What you need to do – Please reproduce every entry, keeping each one exact.

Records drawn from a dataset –
============================================================

(* Consider an $n$-player game with strategy sets $\mathcal{X}_i$ (nonempty convex compact), differentiable utilities $u_i:\mathcal{X}\to\mathbb{R}$ on $\mathcal{X}=\prod_i\mathcal{X}_i$, and operator $F=(F_1,\dots,F_n)$ with $F_i(x)=-\nabla_{x_i}u_i(x)$. Assume, writing $\mathcal{X}=\prod_{r=1}^d\mathcal{Z}_r$, that $F$ is $L$-Lipschitz and the average $(\alpha,\ell,h)$-generalized Minty property holds. Then for any $\epsilon>0$, after $T=O(1/\epsilon^2)$ iterations of rescaled optimistic gradient descent (with the learning rate $\eta\le\frac14\sqrt{\ell/(h^3L^2+hB_F^2\alpha^2d)}$, the constant in $O(\cdot)$ depending only on the problem parameters), one obtains a point $x\in\mathcal{X}$ such that: (1) if for each player $i$ the function $u_i(\cdot,x_{-i})$ is $L$-smooth, then for every $i$ and every $x_i^\star\in\mathcal{X}_i$ with $\|x_i^\star-x_i\|_2\le\delta$, $u_i(x)-u_i(x_i^\star,x_{-i})\ge-\epsilon-\frac L2\delta^2$; (2) if each $u_i$ is gradient dominant, then for every $i$ and every $x_i^\star\in\mathcal{X}_i$, $u_i(x)-u_i(x_i^\star,x_{-i})\ge-\epsilon$.
   Context: $B_F:=\max_r\sup_x\|F_r(x)\|_2$ where $F_r$ is the component of $F$ on $\mathcal{Z}_r$. $\mathbf{1}_{\mathcal{Z}_r}$ is the indicator vector of the coordinates of $\mathcal{Z}_r$; $\circ$ is the coordinatewise product; vector inequalities are coordinatewise. $A(x)=\sum_r a_r(x)\mathbf{1}_{\mathcal{Z}_r}$ with each $a_r$ $\alpha$-Lipschitz and $0<\ell\le A(x)\le h$; $W(x)=\sum_r w_r(x)\mathbf{1}_{\mathcal{Z}_r}$ with $0<\ell\le W(x)\le h$. Average $(\alpha,\ell,h)$-generalized Minty property: for every $T$ and sequence $(x^{(t)})_{t\le T}$ in $\mathcal{X}$ there is $x^\star\in\mathcal{X}$ with $\sum_{t=1}^T\langle x^{(t)}-x^\star,F(x^{(t)})\circ A(x^{(t)})\circ W(x^\star)\rangle\ge0$. Rescaled optimistic gradient descent: from arbitrary $x^{(0)}=\hat x^{(1)}$, $x^{(t)}=\Pi_{\mathcal{X}}(\hat x^{(t)}-\eta A(x^{(t-1)})\circ F(x^{(t-1)}))$, $\hat x^{(t+1)}=\Pi_{\mathcal{X}}(\hat x^{(t)}-\eta A(x^{(t)})\circ F(x^{(t)}))$. Gradient dominance (per player, with parameter $G>0$): $u_i(x)-\max_{x_i^\star\in\mathcal{X}_i}u_i(x_i^\star,x_{-i})\ge G\min_{x_i^\star\in\mathcal{X}_i}\langle x_i-x_i^\star,\nabla_{x_i}u_i(x)\rangle$ for all $x\in\mathcal{X}$. *)

theory Defs
  imports "HOL-Analysis.Analysis"
begin

text \<open>A partition of the coordinates is given by
  a labelling g :: 'k => 'c (players, or the blocks Z_r).\<close>

text \<open>Restriction of a vector to the coordinates of class c (other coordinates set to 0);
  this is the component of the vector on that block.\<close>
definition restr :: "('k \<Rightarrow> 'c) \<Rightarrow> 'c \<Rightarrow> real^'k \<Rightarrow> real^'k" where
  "restr g c x = (\<chi> k. if g k = c then x $ k else 0)"

definition supported_on :: "('k \<Rightarrow> 'c) \<Rightarrow> 'c \<Rightarrow> (real^'k) set" where
  "supported_on g c = {v. \<forall>k. g k \<noteq> c \<longrightarrow> v $ k = 0}"

definition prod_set :: "('k \<Rightarrow> 'c) \<Rightarrow> ('c \<Rightarrow> (real^'k) set) \<Rightarrow> (real^'k) set" where
  "prod_set g S = {x. \<forall>c. restr g c x \<in> S c}"

definition upd :: "('k \<Rightarrow> 'c) \<Rightarrow> 'c \<Rightarrow> real^'k \<Rightarrow> real^'k \<Rightarrow> real^'k" where
  "upd g c x y = (\<chi> k. if g k = c then y $ k else x $ k)"

text \<open>Full gradient of a real function on real^'k (meaningful where it is differentiable).\<close>
definition grad :: "(real^'k \<Rightarrow> real) \<Rightarrow> real^'k \<Rightarrow> real^'k" where
  "grad f x = (\<chi> k. frechet_derivative f (at x) (axis k 1))"

definition game_op :: "('k \<Rightarrow> 'p) \<Rightarrow> ('p \<Rightarrow> real^'k \<Rightarrow> real) \<Rightarrow> real^'k \<Rightarrow> real^'k" where
  "game_op pl u x = (\<chi> k. - (grad (u (pl k)) x $ k))"

definition blockvec :: "('k \<Rightarrow> 'r) \<Rightarrow> ('r \<Rightarrow> real^'k \<Rightarrow> real) \<Rightarrow> real^'k \<Rightarrow> real^'k" where
  "blockvec blk a x = (\<chi> k. a (blk k) x)"

definition cmul :: "real^'k \<Rightarrow> real^'k \<Rightarrow> real^'k" where
  "cmul v w = (\<chi> k. v $ k * w $ k)"

definition proj :: "(real^'k) set \<Rightarrow> real^'k \<Rightarrow> real^'k" where
  "proj X y = closest_point X y"

definition BF :: "('k \<Rightarrow> 'r) \<Rightarrow> (real^'k) set \<Rightarrow> (real^'k \<Rightarrow> real^'k) \<Rightarrow> real" where
  "BF blk X F = Sup {norm (restr blk r (F x)) | r x. x \<in> X}"

text \<open>Average (alpha,l,h)-generalized Minty property (the Lipschitz/bounds requirements
  on A and W are stated separately).\<close>
definition avg_minty :: "(real^'k) set \<Rightarrow> (real^'k \<Rightarrow> real^'k) \<Rightarrow> (real^'k \<Rightarrow> real^'k)
    \<Rightarrow> (real^'k \<Rightarrow> real^'k) \<Rightarrow> bool" where
  "avg_minty X F A W \<longleftrightarrow>
     (\<forall>(T::nat) (xs::nat \<Rightarrow> real^'k). (\<forall>t\<in>{1..T}. xs t \<in> X) \<longrightarrow>
        (\<exists>xstar\<in>X. (\<Sum>t=1..T. (xs t - xstar) \<bullet> cmul (cmul (F (xs t)) (A (xs t))) (W xstar)) \<ge> 0))"

text \<open>Rescaled optimistic gradient descent. rogd X F A eta x0 t = (x^(t), xhat^(t+1)),
  started from x^(0) = xhat^(1) = x0.\<close>
primrec rogd :: "(real^'k) set \<Rightarrow> (real^'k \<Rightarrow> real^'k) \<Rightarrow> (real^'k \<Rightarrow> real^'k) \<Rightarrow> real
    \<Rightarrow> real^'k \<Rightarrow> nat \<Rightarrow> (real^'k) \<times> (real^'k)" where
  "rogd X F A eta x0 0 = (x0, x0)"
| "rogd X F A eta x0 (Suc t) =
     (let xp = fst (rogd X F A eta x0 t); xh = snd (rogd X F A eta x0 t);
          xn = proj X (xh - eta *\<^sub>R cmul (A xp) (F xp))
      in (xn, proj X (xh - eta *\<^sub>R cmul (A xn) (F xn))))"

definition rogd_x :: "(real^'k) set \<Rightarrow> (real^'k \<Rightarrow> real^'k) \<Rightarrow> (real^'k \<Rightarrow> real^'k) \<Rightarrow> real
    \<Rightarrow> real^'k \<Rightarrow> nat \<Rightarrow> real^'k" where
  "rogd_x X F A eta x0 t = fst (rogd X F A eta x0 t)"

============================================================

Finished exercise –
(* Consider an $n$-player game with strategy sets $\mathcal{X}_i$ (nonempty convex compact), differentiable utilities $u_i:\mathcal{X}\to\mathbb{R}$ on $\mathcal{X}=\prod_i\mathcal{X}_i$, and operator $F=(F_1,\dots,F_n)$ with $F_i(x)=-\nabla_{x_i}u_i(x)$. Assume, writing $\mathcal{X}=\prod_{r=1}^d\mathcal{Z}_r$, that $F$ is $L$-Lipschitz and the average $(\alpha,\ell,h)$-generalized Minty property holds. Then for any $\epsilon>0$, after $T=O(1/\epsilon^2)$ iterations of rescaled optimistic gradient descent (with the learning rate $\eta\le\frac14\sqrt{\ell/(h^3L^2+hB_F^2\alpha^2d)}$, the constant in $O(\cdot)$ depending only on the problem parameters), one obtains a point $x\in\mathcal{X}$ such that: (1) if for each player $i$ the function $u_i(\cdot,x_{-i})$ is $L$-smooth, then for every $i$ and every $x_i^\star\in\mathcal{X}_i$ with $\|x_i^\star-x_i\|_2\le\delta$, $u_i(x)-u_i(x_i^\star,x_{-i})\ge-\epsilon-\frac L2\delta^2$; (2) if each $u_i$ is gradient dominant, then for every $i$ and every $x_i^\star\in\mathcal{X}_i$, $u_i(x)-u_i(x_i^\star,x_{-i})\ge-\epsilon$.
   Context: $B_F:=\max_r\sup_x\|F_r(x)\|_2$ where $F_r$ is the component of $F$ on $\mathcal{Z}_r$. $\mathbf{1}_{\mathcal{Z}_r}$ is the indicator vector of the coordinates of $\mathcal{Z}_r$; $\circ$ is the coordinatewise product; vector inequalities are coordinatewise. $A(x)=\sum_r a_r(x)\mathbf{1}_{\mathcal{Z}_r}$ with each $a_r$ $\alpha$-Lipschitz and $0<\ell\le A(x)\le h$; $W(x)=\sum_r w_r(x)\mathbf{1}_{\mathcal{Z}_r}$ with $0<\ell\le W(x)\le h$. Average $(\alpha,\ell,h)$-generalized Minty property: for every $T$ and sequence $(x^{(t)})_{t\le T}$ in $\mathcal{X}$ there is $x^\star\in\mathcal{X}$ with $\sum_{t=1}^T\langle x^{(t)}-x^\star,F(x^{(t)})\circ A(x^{(t)})\circ W(x^\star)\rangle\ge0$. Rescaled optimistic gradient descent: from arbitrary $x^{(0)}=\hat x^{(1)}$, $x^{(t)}=\Pi_{\mathcal{X}}(\hat x^{(t)}-\eta A(x^{(t-1)})\circ F(x^{(t-1)}))$, $\hat x^{(t+1)}=\Pi_{\mathcal{X}}(\hat x^{(t)}-\eta A(x^{(t)})\circ F(x^{(t)}))$. Gradient dominance (per player, with parameter $G>0$): $u_i(x)-\max_{x_i^\star\in\mathcal{X}_i}u_i(x_i^\star,x_{-i})\ge G\min_{x_i^\star\in\mathcal{X}_i}\langle x_i-x_i^\star,\nabla_{x_i}u_i(x)\rangle$ for all $x\in\mathcal{X}$. *)

theory Defs
  imports "HOL-Analysis.Analysis"
begin

text \<open>A partition of the coordinates is given by
  a labelling g :: 'k => 'c (players, or the blocks Z_r).\<close>

text \<open>Restriction of a vector to the coordinates of class c (other coordinates set to 0);
  this is the component of the vector on that block.\<close>
definition restr :: "('k \<Rightarrow> 'c) \<Rightarrow> 'c \<Rightarrow> real^'k \<Rightarrow> real^'k" where
  "restr g c x = (\<chi> k. if g k = c then x $ k else 0)"

definition supported_on :: "('k \<Rightarrow> 'c) \<Rightarrow> 'c \<Rightarrow> (real^'k) set" where
  "supported_on g c = {v. \<forall>k. g k \<noteq> c \<longrightarrow> v $ k = 0}"

definition prod_set :: "('k \<Rightarrow> 'c) \<Rightarrow> ('c \<Rightarrow> (real^'k) set) \<Rightarrow> (real^'k) set" where
  "prod_set g S = {x. \<forall>c. restr g c x \<in> S c}"

definition upd :: "('k \<Rightarrow> 'c) \<Rightarrow> 'c \<Rightarrow> real^'k \<Rightarrow> real^'k \<Rightarrow> real^'k" where
  "upd g c x y = (\<chi> k. if g k = c then y $ k else x $ k)"

text \<open>Full gradient of a real function on real^'k (meaningful where it is differentiable).\<close>
definition grad :: "(real^'k \<Rightarrow> real) \<Rightarrow> real^'k \<Rightarrow> real^'k" where
  "grad f x = (\<chi> k. frechet_derivative f (at x) (axis k 1))"

definition game_op :: "('k \<Rightarrow> 'p) \<Rightarrow> ('p \<Rightarrow> real^'k \<Rightarrow> real) \<Rightarrow> real^'k \<Rightarrow> real^'k" where
  "game_op pl u x = (\<chi> k. - (grad (u (pl k)) x $ k))"

definition blockvec :: "('k \<Rightarrow> 'r) \<Rightarrow> ('r \<Rightarrow> real^'k \<Rightarrow> real) \<Rightarrow> real^'k \<Rightarrow> real^'k" where
  "blockvec blk a x = (\<chi> k. a (blk k) x)"

definition cmul :: "real^'k \<Rightarrow> real^'k \<Rightarrow> real^'k" where
  "cmul v w = (\<chi> k. v $ k * w $ k)"

definition proj :: "(real^'k) set \<Rightarrow> real^'k \<Rightarrow> real^'k" where
  "proj X y = closest_point X y"

definition BF :: "('k \<Rightarrow> 'r) \<Rightarrow> (real^'k) set \<Rightarrow> (real^'k \<Rightarrow> real^'k) \<Rightarrow> real" where
  "BF blk X F = Sup {norm (restr blk r (F x)) | r x. x \<in> X}"

text \<open>Average (alpha,l,h)-generalized Minty property (the Lipschitz/bounds requirements
  on A and W are stated separately).\<close>
definition avg_minty :: "(real^'k) set \<Rightarrow> (real^'k \<Rightarrow> real^'k) \<Rightarrow> (real^'k \<Rightarrow> real^'k)
    \<Rightarrow> (real^'k \<Rightarrow> real^'k) \<Rightarrow> bool" where
  "avg_minty X F A W \<longleftrightarrow>
     (\<forall>(T::nat) (xs::nat \<Rightarrow> real^'k). (\<forall>t\<in>{1..T}. xs t \<in> X) \<longrightarrow>
        (\<exists>xstar\<in>X. (\<Sum>t=1..T. (xs t - xstar) \<bullet> cmul (cmul (F (xs t)) (A (xs t))) (W xstar)) \<ge> 0))"

text \<open>Rescaled optimistic gradient descent. rogd X F A eta x0 t = (x^(t), xhat^(t+1)),
  started from x^(0) = xhat^(1) = x0.\<close>
primrec rogd :: "(real^'k) set \<Rightarrow> (real^'k \<Rightarrow> real^'k) \<Rightarrow> (real^'k \<Rightarrow> real^'k) \<Rightarrow> real
    \<Rightarrow> real^'k \<Rightarrow> nat \<Rightarrow> (real^'k) \<times> (real^'k)" where
  "rogd X F A eta x0 0 = (x0, x0)"
| "rogd X F A eta x0 (Suc t) =
     (let xp = fst (rogd X F A eta x0 t); xh = snd (rogd X F A eta x0 t);
          xn = proj X (xh - eta *\<^sub>R cmul (A xp) (F xp))
      in (xn, proj X (xh - eta *\<^sub>R cmul (A xn) (F xn))))"

definition rogd_x :: "(real^'k) set \<Rightarrow> (real^'k \<Rightarrow> real^'k) \<Rightarrow> (real^'k \<Rightarrow> real^'k) \<Rightarrow> real
    \<Rightarrow> real^'k \<Rightarrow> nat \<Rightarrow> real^'k" where
  "rogd_x X F A eta x0 t = fst (rogd X F A eta x0 t)"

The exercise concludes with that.